lemma weighted_sum_square_inner_less:
  fixes Ap Am :: "(real^'n) set" and w :: "real^'n"
  assumes "finite Ap" "finite Am" and q_pos: "\<forall>a\<in>Ap \<union> Am. 0 < q a"
    and moment0: "(\<Sum>a\<in>Ap. q a) = (\<Sum>b\<in>Am. q b)"
    and moment1: "\<forall>j. (\<Sum>a\<in>Ap. q a * a $ j) = (\<Sum>b\<in>Am. q b * b $ j)"
    and "full_dimensional Ap Am" "nonseparable Ap Am" "w \<noteq> 0"
  shows "(\<Sum>b\<in>Am. q b * (w \<bullet> b)^2) < (\<Sum>a\<in>Ap. q a * (w \<bullet> a)^2)"
proof -
  obtain u c where above: "\<forall>a\<in>Ap. u \<bullet> a + c \<le> (w \<bullet> a)^2"
    and face: "Am \<subseteq> convex hull {a\<in>Ap. (w \<bullet> a)^2 = u \<bullet> a + c}"
    by (rule nonseparable_lower_face[OF assms(7), of "\<lambda>a. (w \<bullet> a)^2"])
  have below: "(w \<bullet> b)^2 \<le> u \<bullet> b + c" if "b \<in> Am" for b
    by (rule square_inner_le_affine_on_convex_hull[of "{a\<in>Ap. (w \<bullet> a)^2 = u \<bullet> a + c}"])
      (use face that in auto)
  have affine_eq: "(\<Sum>a\<in>Ap. q a * (u \<bullet> a + c)) = (\<Sum>b\<in>Am. q b * (u \<bullet> b + c))"
    using weighted_sum_affine_eq[OF moment0 moment1] .
  have Am_le: "(\<Sum>b\<in>Am. q b * (w \<bullet> b)^2) \<le> (\<Sum>b\<in>Am. q b * (u \<bullet> b + c))"
    by (rule sum_mono) (use below q_pos in \<open>auto intro!: mult_left_mono\<close>)
  show ?thesis
  proof (cases "\<exists>a\<in>Ap. u \<bullet> a + c < (w \<bullet> a)^2")
    case True
    have "(\<Sum>a\<in>Ap. q a * (u \<bullet> a + c)) < (\<Sum>a\<in>Ap. q a * (w \<bullet> a)^2)"
      by (rule sum_strict_mono_ex1)
        (use assms(1) True above q_pos in \<open>auto intro!: mult_left_mono mult_strict_left_mono\<close>)
    with Am_le affine_eq show ?thesis by linarith
  next
    case False
    then have on_face: "\<forall>a\<in>Ap. (w \<bullet> a)^2 = u \<bullet> a + c"
      using above by force
    have "(w \<bullet> z)^2 \<le> u \<bullet> z + c" if "z \<in> convex hull Ap" for z
      using square_inner_le_affine_on_convex_hull[OF _ that] on_face by simp
    then have strict: "(w \<bullet> b)^2 < u \<bullet> b + c" if "b \<in> Am" for b
      using nonseparable_full_dimensional_interior[OF assms(6,7)] assms(8) that
      by (intro square_inner_less_affine_at_interior[of "convex hull Ap"]) auto
    have "Am \<noteq> {}"
    proof
      assume "Am = {}"
      then have "Ap = {}"
        using moment0 sum_pos[of Ap q] assms(1) q_pos by force
      with \<open>Am = {}\<close> assms(6) show False
        unfolding full_dimensional_def by simp
    qed
    then obtain b0 where "b0 \<in> Am" by blast
    have "(\<Sum>b\<in>Am. q b * (w \<bullet> b)^2) < (\<Sum>b\<in>Am. q b * (u \<bullet> b + c))"
      by (rule sum_strict_mono_ex1)
        (use assms(2) \<open>b0 \<in> Am\<close> strict below q_pos in \<open>auto intro!: mult_left_mono mult_strict_left_mono\<close>)
    with affine_eq on_face show ?thesis by simp
  qed
qed

lemma det_pos_if_positive_definite:
  fixes M :: "real^'n^'n"
  assumes "\<And>v. v \<noteq> 0 \<Longrightarrow> 0 < v \<bullet> (M *v v)"
  shows "0 < det M"
proof (rule ccontr)
  let ?N = "\<lambda>t::real. mat 1 + t *\<^sub>R (M - mat 1)"
  assume "\<not> 0 < det M"
  then have "det (?N 1) \<le> 0" "0 \<le> det (?N 0)"
    by simp_all
  moreover have "continuous_on {0..1} (\<lambda>t. det (?N t))"
    unfolding det_def by (intro continuous_intros)
  ultimately obtain t where t: "0 \<le> t" "t \<le> 1" "det (?N t) = 0"
    using IVT2'[of "\<lambda>t. det (?N t)" 1 0 0] by auto
  then have "rank (?N t) \<noteq> CARD('n)"
    by (simp add: det_eq_0_rank)
  then obtain v where "v \<noteq> 0" "?N t *v v = 0"
    using matrix_nonfull_linear_equations_eq by blast
  have "v \<bullet> (?N t *v v) = (1 - t) * (v \<bullet> v) + t * (v \<bullet> (M *v v))"
    by (simp add: scaleR_matrix_vector_assoc[symmetric] algebra_simps)
  also have "\<dots> > 0"
  proof (cases "t = 1")
    case False
    with t \<open>v \<noteq> 0\<close> have "0 < (1 - t) * (v \<bullet> v)"
      by simp
    moreover have "0 \<le> t * (v \<bullet> (M *v v))"
      using t(1) assms[OF \<open>v \<noteq> 0\<close>] by simp
    ultimately show ?thesis by linarith
  qed (use assms \<open>v \<noteq> 0\<close> in simp)
  finally show False
    using \<open>?N t *v v = 0\<close> by simp
qed

theorem lemma4p3:
  fixes Ap Am :: "(real^'n) set" and c :: "real^'n \<Rightarrow> real" and xs :: "real^'n"
  assumes "finite Ap" "finite Am" "Ap \<inter> Am = {}"
    and "lattice_pts Ap" "lattice_pts Am"
    and "\<forall>a\<in>Ap \<union> Am. 0 < c a"
    and "full_dimensional Ap Am"
    and "nonseparable Ap Am"
    and "xs \<in> Sing_pos (signed_laurent Ap Am c)"
  shows "det (hessian (signed_laurent Ap Am c) xs) > 0"
proof (rule det_pos_if_positive_definite)
  fix v :: "real^'n"
  assume "v \<noteq> 0"
  have xs_pos: "\<forall>k. 0 < xs $ k"
    using assms(9) unfolding Sing_pos_def by auto
  then have "(\<chi> i. v $ i / xs $ i) \<noteq> 0"
    using \<open>v \<noteq> 0\<close> by (auto simp: vec_eq_iff) (metis less_irrefl)
  moreover have "\<forall>a\<in>Ap \<union> Am. 0 < c a * lmono a xs"
    using assms(6) lmono_pos[OF xs_pos] by simp
  ultimately show "0 < v \<bullet> (hessian (signed_laurent Ap Am c) xs *v v)"
    using weighted_sum_square_inner_less[OF assms(1,2) _
        signed_laurent_singular_moments[OF assms(1-3,9)] assms(7,8)]
    unfolding hessian_quadratic_form_signed_laurent[OF assms(1-3,9)]
    by simp
qed

end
----------------
What you will do:
In the data above, retype exactly and only the lines between the one holding "z)^2 \<le> u" and the one holding "using nonseparable_full_dimensional_interior[OF assms(6,7)]", inclusive.

Solved problem:
    have "(w \<bullet> z)^2 \<le> u \<bullet> z + c" if "z \<in> convex hull Ap" for z
      using square_inner_le_affine_on_convex_hull[OF _ that] on_face by simp
    then have strict: "(w \<bullet> b)^2 < u \<bullet> b + c" if "b \<in> Am" for b
      using nonseparable_full_dimensional_interior[OF assms(6,7)] assms(8) that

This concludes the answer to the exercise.